商文化なき国家 消費「脱中国」こそ国の守り 編集委員・安本寿久
最近、大阪の繁華街が随分とすっきりした。休日は人波で歩くのも難儀する道頓堀通りもミナミの地下街も、拍子抜けするほどすいすい歩ける。張り上げているとしか思えない大声の会話もほとんど聞こえない。
観光・自動車産業悲鳴
なぜだろうと考えて、はたと気づいた。中国人の団体客が消えたのだ。同時に、列に並ばない、平気で割り込むといった無法もなくなった。一市民として、これほどうれしいことはない。
しかし、観光都市でもある商都・大阪としては困ったことらしい。ドラッグストア・コクミンでは、中国人の団体予約客がゼロになり、高級化粧品などの仕入れ量を減らしたという。がんこ寿司では9月に3万人のキャンセルが入り、10月の予約はゼロに近いという。「観光地悲鳴」。新聞各紙では、そんな見出しが躍っている。
輸出産業も打撃を受けている。中国向け自動車輸出は3割、4割減という状態。財界も悲鳴を上げ、経団連の米倉弘昌会長は、尖閣諸島国有化のきっかけを作った石原慎太郎東京都知事の国政進出に、「具合が悪い」と言ったりしている。かつての財界総理は今にも、中国の兵糧攻めに「参った」と言い出しそうな危うさである。
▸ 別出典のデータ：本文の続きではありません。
text \<open>
  Write \<open>\<phi>\<close> for a competitor of any of the four Lempert functions; its first component
  \<open>\<phi>\<^sub>1\<close> is a self-map of the disc with \<open>\<phi>\<^sub>1(0) = 0\<close>, \<open>\<phi>\<^sub>1(\<zeta>\<^sub>1) = a\<close>, \<open>\<phi>\<^sub>1(\<zeta>\<^sub>2) = -a\<close>.
  For \<open>L\<^sub>a\<^sub>0\<^sub>b\<^sub>0\<close> the second component vanishes at both \<open>\<zeta>\<^sub>j\<close>, so Schwarz's lemma gives
  \<open>|\<gamma>| \<le> |\<zeta>\<^sub>1||\<zeta>\<^sub>2|\<close>, and \<open>|\<gamma>| > |a|\<^sup>2\<close>. When \<open>\<phi>\<^sub>1\<close> is critical at a pole, Schwarz-Pick
  estimates for the quotients of \<open>\<phi>\<^sub>1\<close> (or of \<open>blaschke a \<circ> \<phi>\<^sub>1\<close>) by Blaschke factors show that the
  relevant product of the \<open>|\<zeta>\<^sub>j|\<close> is at least \<open>\<kappa>|a|\<^sup>2\<close> with \<open>\<kappa> > 1\<close> depending only on
  \<open>|a|\<close>. Hence all four functions exceed \<open>log(\<kappa>|a|\<^sup>2)\<close> for some \<open>\<kappa> > 1\<close>.

  Conversely, for \<open>|a| < r < 1\<close> and small \<open>\<epsilon>\<close> there is a competitor for the four-pole
  function with value \<open>2 log(|a|/r)\<close>: the first component \<open>r c blaschke X ((blaschke \<beta> t)\<^sup>2)\<close> takes the values
  \<open>\<plusminus>a\<close> at two pairs of points whose products have modulus \<open>|a|/r\<close>, and the second
  component comes from a three-point Nevanlinna-Pick problem which, as \<open>\<epsilon> \<rightarrow> 0\<close>, tends to a
  degenerate solvable one; the bound \<open>|\<gamma>| \<le> |a| powr (3/2)\<close> is exactly what makes the limit
  problem solvable. Letting \<open>r \<rightarrow> 1\<close> gives \<open>limsup \<le> 2 log|a| < log(\<kappa>|a|\<^sup>2)\<close>.
\<close>

section \<open>Blaschke factors\<close>

definition blaschke :: "complex \<Rightarrow> complex \<Rightarrow> complex" where
  "blaschke w z = (z - w) / (1 - cnj w * z)"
政治に経済カードを使うことは言うに及ばず、文化カードからスポーツカードまで、ありとあらゆる手段で嫌がらせをし、相手国に譲歩を迫るのは中国の習い性である。その一方で、武力をちらつかせるのも、この国の性根のなせる業だから、今さら嘆くのはやめよう。「金や脅しで魂は売らない」。その決意を新たにすることが今、最も日本人らしい行いである。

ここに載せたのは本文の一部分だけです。